Task instructions ▸ Return the following from the records below: each line, word for word, starting with the line that contains "i \<Longrightarrow> shift" and going on through the line that contains "j \<Longrightarrow> shift", with nothing outside that range.

Data to examine ▸
------------

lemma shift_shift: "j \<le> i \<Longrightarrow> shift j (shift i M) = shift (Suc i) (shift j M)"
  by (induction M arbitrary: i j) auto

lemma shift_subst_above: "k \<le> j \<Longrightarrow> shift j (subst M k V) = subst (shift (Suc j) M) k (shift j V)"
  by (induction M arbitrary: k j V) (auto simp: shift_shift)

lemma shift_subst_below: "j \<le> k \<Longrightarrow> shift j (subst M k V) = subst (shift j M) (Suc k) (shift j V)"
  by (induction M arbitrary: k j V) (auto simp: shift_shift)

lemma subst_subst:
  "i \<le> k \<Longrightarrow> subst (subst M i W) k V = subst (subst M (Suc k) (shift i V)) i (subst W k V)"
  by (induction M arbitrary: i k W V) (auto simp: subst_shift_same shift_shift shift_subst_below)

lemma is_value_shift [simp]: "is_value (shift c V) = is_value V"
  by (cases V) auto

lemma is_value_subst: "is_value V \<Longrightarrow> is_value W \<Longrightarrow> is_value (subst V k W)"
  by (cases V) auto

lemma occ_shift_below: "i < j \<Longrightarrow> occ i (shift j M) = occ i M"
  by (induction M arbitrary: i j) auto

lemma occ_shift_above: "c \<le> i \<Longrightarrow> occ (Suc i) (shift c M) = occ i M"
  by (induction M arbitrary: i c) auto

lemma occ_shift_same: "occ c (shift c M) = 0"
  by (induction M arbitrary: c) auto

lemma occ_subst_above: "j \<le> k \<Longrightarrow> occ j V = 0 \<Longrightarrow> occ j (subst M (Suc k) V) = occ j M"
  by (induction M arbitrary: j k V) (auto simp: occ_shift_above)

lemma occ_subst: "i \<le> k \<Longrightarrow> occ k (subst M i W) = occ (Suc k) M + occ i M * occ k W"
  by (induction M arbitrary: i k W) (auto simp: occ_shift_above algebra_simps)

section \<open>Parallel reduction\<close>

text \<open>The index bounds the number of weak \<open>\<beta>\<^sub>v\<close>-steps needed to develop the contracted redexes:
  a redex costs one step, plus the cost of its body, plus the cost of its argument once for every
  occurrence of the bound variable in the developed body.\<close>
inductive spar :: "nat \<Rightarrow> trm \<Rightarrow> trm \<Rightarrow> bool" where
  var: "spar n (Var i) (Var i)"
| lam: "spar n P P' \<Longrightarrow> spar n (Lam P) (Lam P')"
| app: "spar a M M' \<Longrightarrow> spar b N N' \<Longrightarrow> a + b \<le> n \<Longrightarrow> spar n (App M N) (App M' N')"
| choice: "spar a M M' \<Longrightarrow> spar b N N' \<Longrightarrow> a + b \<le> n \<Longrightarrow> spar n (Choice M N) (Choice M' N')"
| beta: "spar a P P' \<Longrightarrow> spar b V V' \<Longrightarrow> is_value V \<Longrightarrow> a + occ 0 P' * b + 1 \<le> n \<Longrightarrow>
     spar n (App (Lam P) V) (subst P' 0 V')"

------------

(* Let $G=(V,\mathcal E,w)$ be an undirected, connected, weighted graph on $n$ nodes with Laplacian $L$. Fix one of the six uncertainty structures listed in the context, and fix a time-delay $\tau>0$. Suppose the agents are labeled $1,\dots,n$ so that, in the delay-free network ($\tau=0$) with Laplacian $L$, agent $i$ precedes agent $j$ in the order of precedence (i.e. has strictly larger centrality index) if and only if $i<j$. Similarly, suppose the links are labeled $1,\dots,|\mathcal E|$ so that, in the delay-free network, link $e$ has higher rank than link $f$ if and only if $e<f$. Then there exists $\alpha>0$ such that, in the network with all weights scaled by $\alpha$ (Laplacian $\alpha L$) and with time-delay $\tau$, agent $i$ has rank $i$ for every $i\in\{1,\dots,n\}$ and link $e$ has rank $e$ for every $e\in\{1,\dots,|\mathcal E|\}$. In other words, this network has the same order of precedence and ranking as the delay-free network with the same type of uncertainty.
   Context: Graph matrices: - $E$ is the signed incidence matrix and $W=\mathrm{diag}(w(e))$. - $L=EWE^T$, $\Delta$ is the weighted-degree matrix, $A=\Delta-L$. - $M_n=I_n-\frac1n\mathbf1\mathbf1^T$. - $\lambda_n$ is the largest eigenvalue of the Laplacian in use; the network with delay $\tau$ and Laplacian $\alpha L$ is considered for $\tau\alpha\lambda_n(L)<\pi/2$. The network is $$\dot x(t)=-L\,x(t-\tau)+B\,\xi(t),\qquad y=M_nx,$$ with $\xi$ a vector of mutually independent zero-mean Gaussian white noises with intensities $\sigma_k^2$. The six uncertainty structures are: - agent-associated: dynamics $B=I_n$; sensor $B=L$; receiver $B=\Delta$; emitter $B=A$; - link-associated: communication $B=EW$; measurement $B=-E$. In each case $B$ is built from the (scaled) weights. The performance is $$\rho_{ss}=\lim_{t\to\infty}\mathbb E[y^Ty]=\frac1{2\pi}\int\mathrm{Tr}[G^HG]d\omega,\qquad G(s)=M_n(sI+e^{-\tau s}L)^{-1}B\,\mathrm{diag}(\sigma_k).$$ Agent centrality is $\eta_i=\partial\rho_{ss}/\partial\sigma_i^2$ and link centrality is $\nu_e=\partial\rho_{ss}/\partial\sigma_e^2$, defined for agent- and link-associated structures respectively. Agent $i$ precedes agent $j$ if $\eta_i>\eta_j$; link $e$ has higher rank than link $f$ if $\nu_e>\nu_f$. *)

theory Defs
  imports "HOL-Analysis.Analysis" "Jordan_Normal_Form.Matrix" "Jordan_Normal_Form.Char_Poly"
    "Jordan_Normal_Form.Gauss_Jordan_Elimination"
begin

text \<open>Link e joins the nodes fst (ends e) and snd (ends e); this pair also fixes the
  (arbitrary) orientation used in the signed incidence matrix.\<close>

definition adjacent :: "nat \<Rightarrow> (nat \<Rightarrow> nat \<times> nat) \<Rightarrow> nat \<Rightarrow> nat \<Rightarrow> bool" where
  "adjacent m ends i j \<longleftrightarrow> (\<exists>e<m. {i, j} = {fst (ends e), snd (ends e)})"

------------

Response area ▸
lemma shift_shift: "j \<le> i \<Longrightarrow> shift j (shift i M) = shift (Suc i) (shift j M)"
  by (induction M arbitrary: i j) auto

lemma shift_subst_above: "k \<le> j \<Longrightarrow> shift j (subst M k V) = subst (shift (Suc j) M) k (shift j V)"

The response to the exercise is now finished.